(* Let $n\ge 4$ be an even integer and let $k\ge 3$ and $m\ge 2$ be integers. Then the metric dimension of $(C_n\square P_k)\square P_m$ is $4$.
   Context: All graphs are finite and connected; $d(u,v)$ is the shortest-path distance. $C_n$ is the cycle on $n$ vertices and $P_k$ the path on $k$ vertices. The cartesian product $G\square H$ has vertex set $V(G)\times V(H)$, with $(g_1,h_1)$ adjacent to $(g_2,h_2)$ iff either $h_1=h_2$ and $g_1g_2\in E(G)$, or $g_1=g_2$ and $h_1h_2\in E(H)$. For an ordered set $Q=\{q_1,\dots,q_l\}$ of vertices, $r(x|Q)=(d(x,q_1),\dots,d(x,q_l))$. $Q$ is a resolving set of $G$ if any two distinct vertices of $G$ have distinct vectors $r(\cdot|Q)$; the metric dimension is the minimum size of a resolving set. *)

theory Defs
  imports Main
begin

record 'a graph =
  verts :: "'a set"
  adj :: "'a \<Rightarrow> 'a \<Rightarrow> bool"

definition cycle_graph :: "nat \<Rightarrow> nat graph" where
  "cycle_graph n = \<lparr> verts = {0..<n},
     adj = (\<lambda>i j. i < n \<and> j < n \<and> i \<noteq> j \<and> ((i + 1) mod n = j \<or> (j + 1) mod n = i)) \<rparr>"

definition path_graph :: "nat \<Rightarrow> nat graph" where
  "path_graph k = \<lparr> verts = {0..<k},
     adj = (\<lambda>i j. i < k \<and> j < k \<and> (i + 1 = j \<or> j + 1 = i)) \<rparr>"

definition cart_prod :: "'a graph \<Rightarrow> 'b graph \<Rightarrow> ('a \<times> 'b) graph" where
  "cart_prod G H = \<lparr> verts = verts G \<times> verts H,
     adj = (\<lambda>(g1, h1) (g2, h2). (h1 = h2 \<and> adj G g1 g2) \<or> (g1 = g2 \<and> adj H h1 h2)) \<rparr>"

text \<open>Walks as nonempty vertex lists; length of the walk = length xs - 1.\<close>
definition walk :: "'a graph \<Rightarrow> 'a list \<Rightarrow> bool" where
  "walk G xs \<longleftrightarrow> xs \<noteq> [] \<and> set xs \<subseteq> verts G \<and>
     (\<forall>i. Suc i < length xs \<longrightarrow> adj G (xs ! i) (xs ! Suc i))"

text \<open>Shortest-path distance (graphs considered are connected).\<close>
definition dist :: "'a graph \<Rightarrow> 'a \<Rightarrow> 'a \<Rightarrow> nat" where
  "dist G u v = (LEAST n. \<exists>xs. walk G xs \<and> hd xs = u \<and> last xs = v \<and> length xs = Suc n)"

definition resolving_set :: "'a graph \<Rightarrow> 'a set \<Rightarrow> bool" where
  "resolving_set G Q \<longleftrightarrow> Q \<subseteq> verts G \<and>
     (\<forall>x\<in>verts G. \<forall>y\<in>verts G. (\<forall>q\<in>Q. dist G x q = dist G y q) \<longrightarrow> x = y)"

definition metric_dim :: "'a graph \<Rightarrow> nat" where
  "metric_dim G = (LEAST l. \<exists>Q. finite Q \<and> card Q = l \<and> resolving_set G Q)"

end

theory Submission
  imports Defs
begin

text \<open>
  Distances in \<open>C\<^sub>n \<box> P\<^sub>k \<box> P\<^sub>m\<close> are sums of the distances of the three
  coordinates, and as \<open>n\<close> is even the graph is bipartite: along an edge the distance to any
  fixed vertex changes by exactly one. So the neighbours of a vertex \<open>s\<close> lie at distance 1
  from \<open>s\<close> and at distance \<open>d(s,x) \<plusminus> 1\<close> from any \<open>x\<close>; for a set \<open>{s,t,w}\<close> at most
  four of them can have distinct distance vectors. A vertex off the corners of the grid
  \<open>P\<^sub>k \<box> P\<^sub>m\<close> has at least five neighbours, so the vertices of a resolving set of size three
  are grid corners.

  At a corner \<open>s = (p,u,v)\<close>, let \<open>b, b'\<close> be the cycle neighbours of \<open>p\<close> and \<open>u\<^sub>i, v\<^sub>i\<close> the
  inner path neighbours of \<open>u, v\<close>. Resolvability forces exactly two of the four neighbours of
  \<open>s\<close> to be farther from \<open>t\<close>; by additivity this makes \<open>(b,u,v\<^sub>i)\<close> and \<open>(b',u\<^sub>i,v)\<close>
  equidistant from \<open>t\<close> for one of the two orders of \<open>b, b'\<close>, and for both orders unless
  the grid corner of \<open>t\<close> is adjacent to that of \<open>s\<close>. Among three grid corners one of them
  has at most one adjacent partner; taking it as \<open>s\<close> gives a pair that is not resolved.

  Conversely \<open>(0,0,0)\<close>, \<open>(0,0,m-1)\<close> and \<open>(0,k-1,0)\<close> determine both path coordinates and the
  cycle distance to \<open>0\<close>, and \<open>(1,0,0)\<close> separates the two cycle positions at that distance.
\<close>

lemma walk_Cons:
  assumes "ys \<noteq> []"
  shows "walk G (x # ys) \<longleftrightarrow> x \<in> verts G \<and> adj G x (hd ys) \<and> walk G ys"
proof -
  obtain l where "length ys = Suc l" using assms by (cases ys) auto
  then have "(\<forall>i. Suc i < length (x # ys) \<longrightarrow> adj G ((x # ys) ! i) ((x # ys) ! Suc i)) \<longleftrightarrow>
        adj G x (hd ys) \<and> (\<forall>i. Suc i < length ys \<longrightarrow> adj G (ys ! i) (ys ! Suc i))"
    using assms by (simp add: hd_conv_nth All_less_Suc2)
  then show ?thesis using assms unfolding walk_def by auto
qed

lemma walk_length_ge:
  assumes "walk G xs"
    and "\<And>x y. x \<in> verts G \<Longrightarrow> y \<in> verts G \<Longrightarrow> adj G x y \<Longrightarrow> f x \<le> f y + (1::nat)"
  shows "f (hd xs) \<le> length xs - 1 + f (last xs)"
  using assms(1)
proof (induction xs)
  case Nil
  then show ?case by (simp add: walk_def)
next
  case (Cons x ys)
  show ?case
  proof (cases "ys = []")
    case True
    then show ?thesis by simp
  next
    case False
    with Cons.prems have "x \<in> verts G" "adj G x (hd ys)" "walk G ys"
      by (simp_all add: walk_Cons)
    moreover from \<open>walk G ys\<close> False have "hd ys \<in> verts G"
      unfolding walk_def by auto
    ultimately have "f x \<le> f (hd ys) + 1" using assms(2) by blast
    with Cons.IH \<open>walk G ys\<close> False show ?thesis by (cases ys) auto
  qed
qed

lemma walk_descending:
  assumes "u \<in> verts G" "v \<in> verts G"
    and descent: "\<And>x. x \<in> verts G \<Longrightarrow> 0 < f x \<Longrightarrow> \<exists>y\<in>verts G. adj G x y \<and> f y + 1 = f x"
    and zero: "\<And>x. x \<in> verts G \<Longrightarrow> f x = 0 \<longleftrightarrow> x = v"
  shows "\<exists>xs. walk G xs \<and> hd xs = u \<and> last xs = v \<and> length xs = Suc (f u)"
  using assms(1)
proof (induction "f u" arbitrary: u)
  case 0
  then have "u = v" using zero by simp
  then show ?case using \<open>u \<in> verts G\<close> zero[OF assms(2)] by (intro exI[of _ "[u]"]) (simp add: walk_def)
next
  case (Suc N)
  then obtain y where y: "y \<in> verts G" "adj G u y" "f y = N" using descent by fastforce
  with Suc.hyps obtain ys where ys: "walk G ys" "hd ys = y" "last ys = v" "length ys = Suc N"
    by metis
  then have "ys \<noteq> []" by auto
  with y ys Suc.prems have "walk G (u # ys)" by (simp add: walk_Cons)
  with ys \<open>ys \<noteq> []\<close> Suc.hyps(2) show ?case by (intro exI[of _ "u # ys"]) auto
qed

lemma dist_eq_potential:
  assumes "u \<in> verts G" "v \<in> verts G"
    and lipschitz: "\<And>x y. x \<in> verts G \<Longrightarrow> y \<in> verts G \<Longrightarrow> adj G x y \<Longrightarrow> f x \<le> f y + (1::nat)"
    and descent: "\<And>x. x \<in> verts G \<Longrightarrow> 0 < f x \<Longrightarrow> \<exists>y\<in>verts G. adj G x y \<and> f y + 1 = f x"
    and zero: "\<And>x. x \<in> verts G \<Longrightarrow> f x = 0 \<longleftrightarrow> x = v"
  shows "dist G u v = f u"
  unfolding dist_def
proof (rule Least_equality)
  show "\<exists>xs. walk G xs \<and> hd xs = u \<and> last xs = v \<and> length xs = Suc (f u)"
    using walk_descending[OF assms(1,2) descent zero] by blast
next
  fix N assume "\<exists>xs. walk G xs \<and> hd xs = u \<and> last xs = v \<and> length xs = Suc N"
  then obtain xs where "walk G xs" "hd xs = u" "last xs = v" "length xs = Suc N" by blast
  with walk_length_ge[of G xs f] lipschitz zero[OF assms(2)] show "f u \<le> N" by simp
qed

definition resolves :: "'v set \<Rightarrow> ('v \<Rightarrow> 'v \<Rightarrow> nat) \<Rightarrow> 'v set \<Rightarrow> bool" where
  "resolves V d W \<longleftrightarrow> (\<forall>x\<in>V. \<forall>y\<in>V. (\<forall>w\<in>W. d x w = d y w) \<longrightarrow> x = y)"

lemma resolving_set_iff: "resolving_set G Q \<longleftrightarrow> Q \<subseteq> verts G \<and> resolves (verts G) (dist G) Q"
  by (simp add: resolving_set_def resolves_def)

lemma resolves_mono: "resolves V d W \<Longrightarrow> W \<subseteq> W' \<Longrightarrow> resolves V d W'"
  unfolding resolves_def by blast

lemma resolves_cong:
  "(\<And>x w. x \<in> V \<Longrightarrow> w \<in> W \<Longrightarrow> d x w = d' x w) \<Longrightarrow> resolves V d W \<longleftrightarrow> resolves V d' W"
  unfolding resolves_def by auto

lemma metric_dim_eqI:
  assumes "finite Q" "resolving_set G Q"
    and "\<And>Q'. finite Q' \<Longrightarrow> resolving_set G Q' \<Longrightarrow> card Q \<le> card Q'"
  shows "metric_dim G = card Q"
  unfolding metric_dim_def by (rule Least_equality) (use assms in auto)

===

PROBLEM DESCRIPTION:
Search the entries for the word "rule". Copy every line where it occurs.

RESULT BELOW:
proof (rule Least_equality)
  unfolding metric_dim_def by (rule Least_equality) (use assms in auto)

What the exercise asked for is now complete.